Your instructions – Working line by line, output the entries below exactly as they appear.

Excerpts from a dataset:
======

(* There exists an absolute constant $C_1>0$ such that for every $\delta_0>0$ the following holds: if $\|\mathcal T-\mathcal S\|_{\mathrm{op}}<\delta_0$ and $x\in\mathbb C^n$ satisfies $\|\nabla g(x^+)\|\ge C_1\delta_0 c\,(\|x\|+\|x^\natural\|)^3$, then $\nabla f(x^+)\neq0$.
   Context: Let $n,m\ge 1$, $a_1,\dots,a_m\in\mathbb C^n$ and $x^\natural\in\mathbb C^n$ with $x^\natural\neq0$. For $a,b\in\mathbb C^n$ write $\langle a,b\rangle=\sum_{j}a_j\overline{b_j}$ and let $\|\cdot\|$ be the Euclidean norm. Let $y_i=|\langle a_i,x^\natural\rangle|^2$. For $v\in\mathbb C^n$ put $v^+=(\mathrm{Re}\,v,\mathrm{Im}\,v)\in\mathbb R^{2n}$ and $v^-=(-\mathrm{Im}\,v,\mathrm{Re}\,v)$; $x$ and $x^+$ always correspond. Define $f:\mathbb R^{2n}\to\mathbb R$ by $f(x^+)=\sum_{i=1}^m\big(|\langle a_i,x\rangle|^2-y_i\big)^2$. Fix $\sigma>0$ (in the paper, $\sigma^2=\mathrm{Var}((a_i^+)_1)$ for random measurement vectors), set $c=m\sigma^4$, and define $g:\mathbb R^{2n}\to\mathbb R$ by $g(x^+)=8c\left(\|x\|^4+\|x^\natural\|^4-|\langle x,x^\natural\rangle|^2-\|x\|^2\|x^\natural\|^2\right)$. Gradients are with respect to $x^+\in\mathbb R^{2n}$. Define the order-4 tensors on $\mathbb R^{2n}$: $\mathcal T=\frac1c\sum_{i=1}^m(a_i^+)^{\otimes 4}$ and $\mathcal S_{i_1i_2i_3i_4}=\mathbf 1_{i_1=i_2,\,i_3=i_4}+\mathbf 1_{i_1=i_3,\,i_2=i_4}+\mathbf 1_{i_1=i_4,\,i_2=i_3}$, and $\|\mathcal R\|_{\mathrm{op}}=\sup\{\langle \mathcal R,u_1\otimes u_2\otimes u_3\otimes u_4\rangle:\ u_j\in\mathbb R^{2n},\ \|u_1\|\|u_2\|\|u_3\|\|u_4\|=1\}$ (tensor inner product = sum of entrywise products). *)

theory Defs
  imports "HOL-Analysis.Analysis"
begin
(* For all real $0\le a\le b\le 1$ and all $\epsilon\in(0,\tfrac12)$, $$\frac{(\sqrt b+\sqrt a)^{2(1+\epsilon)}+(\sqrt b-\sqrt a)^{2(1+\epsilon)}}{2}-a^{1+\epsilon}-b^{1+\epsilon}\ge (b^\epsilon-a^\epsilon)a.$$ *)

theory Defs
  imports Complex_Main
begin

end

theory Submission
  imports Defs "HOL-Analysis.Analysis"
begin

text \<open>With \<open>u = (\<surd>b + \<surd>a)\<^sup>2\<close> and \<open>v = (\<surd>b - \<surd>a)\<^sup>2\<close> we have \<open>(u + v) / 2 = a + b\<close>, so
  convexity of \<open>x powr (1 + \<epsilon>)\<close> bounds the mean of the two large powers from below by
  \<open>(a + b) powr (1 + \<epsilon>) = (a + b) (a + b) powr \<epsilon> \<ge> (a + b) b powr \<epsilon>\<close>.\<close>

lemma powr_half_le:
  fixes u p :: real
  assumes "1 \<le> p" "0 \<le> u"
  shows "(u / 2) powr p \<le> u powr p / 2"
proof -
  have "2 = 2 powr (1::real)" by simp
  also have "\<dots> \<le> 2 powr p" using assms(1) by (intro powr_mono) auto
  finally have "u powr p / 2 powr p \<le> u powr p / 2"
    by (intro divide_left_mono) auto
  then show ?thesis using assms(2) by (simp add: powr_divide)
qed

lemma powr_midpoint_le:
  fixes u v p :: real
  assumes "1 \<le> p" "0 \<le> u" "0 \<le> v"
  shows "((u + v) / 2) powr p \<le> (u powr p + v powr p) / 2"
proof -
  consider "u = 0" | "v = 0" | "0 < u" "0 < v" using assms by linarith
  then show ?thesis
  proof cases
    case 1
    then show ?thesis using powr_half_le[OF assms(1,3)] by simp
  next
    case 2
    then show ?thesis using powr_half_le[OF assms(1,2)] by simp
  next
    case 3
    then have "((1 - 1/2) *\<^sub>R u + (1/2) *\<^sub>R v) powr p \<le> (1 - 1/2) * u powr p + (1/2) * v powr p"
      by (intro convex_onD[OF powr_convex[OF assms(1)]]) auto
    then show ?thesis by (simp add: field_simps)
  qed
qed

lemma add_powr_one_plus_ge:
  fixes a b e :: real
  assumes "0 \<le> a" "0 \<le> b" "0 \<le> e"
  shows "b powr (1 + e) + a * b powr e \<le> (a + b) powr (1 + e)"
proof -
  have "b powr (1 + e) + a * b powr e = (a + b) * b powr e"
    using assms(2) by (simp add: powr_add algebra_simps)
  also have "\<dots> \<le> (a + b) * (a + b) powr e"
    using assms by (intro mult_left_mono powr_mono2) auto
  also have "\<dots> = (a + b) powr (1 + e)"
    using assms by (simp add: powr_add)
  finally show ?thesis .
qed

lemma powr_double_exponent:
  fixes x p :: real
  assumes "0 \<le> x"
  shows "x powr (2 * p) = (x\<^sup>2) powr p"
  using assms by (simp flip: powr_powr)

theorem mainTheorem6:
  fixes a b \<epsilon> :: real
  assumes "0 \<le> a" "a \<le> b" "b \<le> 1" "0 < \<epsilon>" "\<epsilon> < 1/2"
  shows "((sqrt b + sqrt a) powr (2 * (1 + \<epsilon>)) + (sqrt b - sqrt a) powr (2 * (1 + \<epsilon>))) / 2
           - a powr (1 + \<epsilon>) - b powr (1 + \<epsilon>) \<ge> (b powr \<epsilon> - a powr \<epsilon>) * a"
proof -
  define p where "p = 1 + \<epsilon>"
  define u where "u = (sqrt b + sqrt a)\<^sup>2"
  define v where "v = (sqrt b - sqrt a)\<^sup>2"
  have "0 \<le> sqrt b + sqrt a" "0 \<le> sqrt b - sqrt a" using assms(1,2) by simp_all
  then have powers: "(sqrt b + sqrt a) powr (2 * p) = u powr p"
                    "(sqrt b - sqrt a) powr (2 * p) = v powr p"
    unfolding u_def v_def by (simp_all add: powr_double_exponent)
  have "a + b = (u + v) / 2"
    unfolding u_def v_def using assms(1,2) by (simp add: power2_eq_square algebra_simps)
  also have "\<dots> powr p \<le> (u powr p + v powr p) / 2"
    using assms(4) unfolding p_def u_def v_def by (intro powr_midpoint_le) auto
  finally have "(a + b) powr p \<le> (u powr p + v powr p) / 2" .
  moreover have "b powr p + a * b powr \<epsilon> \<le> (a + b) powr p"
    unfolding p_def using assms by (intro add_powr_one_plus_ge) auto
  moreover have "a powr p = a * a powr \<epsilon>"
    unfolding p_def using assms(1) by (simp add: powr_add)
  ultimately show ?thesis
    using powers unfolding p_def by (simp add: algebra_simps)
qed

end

======

Expected answer –
(* There exists an absolute constant $C_1>0$ such that for every $\delta_0>0$ the following holds: if $\|\mathcal T-\mathcal S\|_{\mathrm{op}}<\delta_0$ and $x\in\mathbb C^n$ satisfies $\|\nabla g(x^+)\|\ge C_1\delta_0 c\,(\|x\|+\|x^\natural\|)^3$, then $\nabla f(x^+)\neq0$.
   Context: Let $n,m\ge 1$, $a_1,\dots,a_m\in\mathbb C^n$ and $x^\natural\in\mathbb C^n$ with $x^\natural\neq0$. For $a,b\in\mathbb C^n$ write $\langle a,b\rangle=\sum_{j}a_j\overline{b_j}$ and let $\|\cdot\|$ be the Euclidean norm. Let $y_i=|\langle a_i,x^\natural\rangle|^2$. For $v\in\mathbb C^n$ put $v^+=(\mathrm{Re}\,v,\mathrm{Im}\,v)\in\mathbb R^{2n}$ and $v^-=(-\mathrm{Im}\,v,\mathrm{Re}\,v)$; $x$ and $x^+$ always correspond. Define $f:\mathbb R^{2n}\to\mathbb R$ by $f(x^+)=\sum_{i=1}^m\big(|\langle a_i,x\rangle|^2-y_i\big)^2$. Fix $\sigma>0$ (in the paper, $\sigma^2=\mathrm{Var}((a_i^+)_1)$ for random measurement vectors), set $c=m\sigma^4$, and define $g:\mathbb R^{2n}\to\mathbb R$ by $g(x^+)=8c\left(\|x\|^4+\|x^\natural\|^4-|\langle x,x^\natural\rangle|^2-\|x\|^2\|x^\natural\|^2\right)$. Gradients are with respect to $x^+\in\mathbb R^{2n}$. Define the order-4 tensors on $\mathbb R^{2n}$: $\mathcal T=\frac1c\sum_{i=1}^m(a_i^+)^{\otimes 4}$ and $\mathcal S_{i_1i_2i_3i_4}=\mathbf 1_{i_1=i_2,\,i_3=i_4}+\mathbf 1_{i_1=i_3,\,i_2=i_4}+\mathbf 1_{i_1=i_4,\,i_2=i_3}$, and $\|\mathcal R\|_{\mathrm{op}}=\sup\{\langle \mathcal R,u_1\otimes u_2\otimes u_3\otimes u_4\rangle:\ u_j\in\mathbb R^{2n},\ \|u_1\|\|u_2\|\|u_3\|\|u_4\|=1\}$ (tensor inner product = sum of entrywise products). *)

theory Defs
  imports "HOL-Analysis.Analysis"
begin
(* For all real $0\le a\le b\le 1$ and all $\epsilon\in(0,\tfrac12)$, $$\frac{(\sqrt b+\sqrt a)^{2(1+\epsilon)}+(\sqrt b-\sqrt a)^{2(1+\epsilon)}}{2}-a^{1+\epsilon}-b^{1+\epsilon}\ge (b^\epsilon-a^\epsilon)a.$$ *)

theory Defs
  imports Complex_Main
begin

end

theory Submission
  imports Defs "HOL-Analysis.Analysis"
begin

text \<open>With \<open>u = (\<surd>b + \<surd>a)\<^sup>2\<close> and \<open>v = (\<surd>b - \<surd>a)\<^sup>2\<close> we have \<open>(u + v) / 2 = a + b\<close>, so
  convexity of \<open>x powr (1 + \<epsilon>)\<close> bounds the mean of the two large powers from below by
  \<open>(a + b) powr (1 + \<epsilon>) = (a + b) (a + b) powr \<epsilon> \<ge> (a + b) b powr \<epsilon>\<close>.\<close>

lemma powr_half_le:
  fixes u p :: real
  assumes "1 \<le> p" "0 \<le> u"
  shows "(u / 2) powr p \<le> u powr p / 2"
proof -
  have "2 = 2 powr (1::real)" by simp
  also have "\<dots> \<le> 2 powr p" using assms(1) by (intro powr_mono) auto
  finally have "u powr p / 2 powr p \<le> u powr p / 2"
    by (intro divide_left_mono) auto
  then show ?thesis using assms(2) by (simp add: powr_divide)
qed

lemma powr_midpoint_le:
  fixes u v p :: real
  assumes "1 \<le> p" "0 \<le> u" "0 \<le> v"
  shows "((u + v) / 2) powr p \<le> (u powr p + v powr p) / 2"
proof -
  consider "u = 0" | "v = 0" | "0 < u" "0 < v" using assms by linarith
  then show ?thesis
  proof cases
    case 1
    then show ?thesis using powr_half_le[OF assms(1,3)] by simp
  next
    case 2
    then show ?thesis using powr_half_le[OF assms(1,2)] by simp
  next
    case 3
    then have "((1 - 1/2) *\<^sub>R u + (1/2) *\<^sub>R v) powr p \<le> (1 - 1/2) * u powr p + (1/2) * v powr p"
      by (intro convex_onD[OF powr_convex[OF assms(1)]]) auto
    then show ?thesis by (simp add: field_simps)
  qed
qed

lemma add_powr_one_plus_ge:
  fixes a b e :: real
  assumes "0 \<le> a" "0 \<le> b" "0 \<le> e"
  shows "b powr (1 + e) + a * b powr e \<le> (a + b) powr (1 + e)"
proof -
  have "b powr (1 + e) + a * b powr e = (a + b) * b powr e"
    using assms(2) by (simp add: powr_add algebra_simps)
  also have "\<dots> \<le> (a + b) * (a + b) powr e"
    using assms by (intro mult_left_mono powr_mono2) auto
  also have "\<dots> = (a + b) powr (1 + e)"
    using assms by (simp add: powr_add)
  finally show ?thesis .
qed

lemma powr_double_exponent:
  fixes x p :: real
  assumes "0 \<le> x"
  shows "x powr (2 * p) = (x\<^sup>2) powr p"
  using assms by (simp flip: powr_powr)

theorem mainTheorem6:
  fixes a b \<epsilon> :: real
  assumes "0 \<le> a" "a \<le> b" "b \<le> 1" "0 < \<epsilon>" "\<epsilon> < 1/2"
  shows "((sqrt b + sqrt a) powr (2 * (1 + \<epsilon>)) + (sqrt b - sqrt a) powr (2 * (1 + \<epsilon>))) / 2
           - a powr (1 + \<epsilon>) - b powr (1 + \<epsilon>) \<ge> (b powr \<epsilon> - a powr \<epsilon>) * a"
proof -
  define p where "p = 1 + \<epsilon>"
  define u where "u = (sqrt b + sqrt a)\<^sup>2"
  define v where "v = (sqrt b - sqrt a)\<^sup>2"
  have "0 \<le> sqrt b + sqrt a" "0 \<le> sqrt b - sqrt a" using assms(1,2) by simp_all
  then have powers: "(sqrt b + sqrt a) powr (2 * p) = u powr p"
                    "(sqrt b - sqrt a) powr (2 * p) = v powr p"
    unfolding u_def v_def by (simp_all add: powr_double_exponent)
  have "a + b = (u + v) / 2"
    unfolding u_def v_def using assms(1,2) by (simp add: power2_eq_square algebra_simps)
  also have "\<dots> powr p \<le> (u powr p + v powr p) / 2"
    using assms(4) unfolding p_def u_def v_def by (intro powr_midpoint_le) auto
  finally have "(a + b) powr p \<le> (u powr p + v powr p) / 2" .
  moreover have "b powr p + a * b powr \<epsilon> \<le> (a + b) powr p"
    unfolding p_def using assms by (intro add_powr_one_plus_ge) auto
  moreover have "a powr p = a * a powr \<epsilon>"
    unfolding p_def using assms(1) by (simp add: powr_add)
  ultimately show ?thesis
    using powers unfolding p_def by (simp add: algebra_simps)
qed

end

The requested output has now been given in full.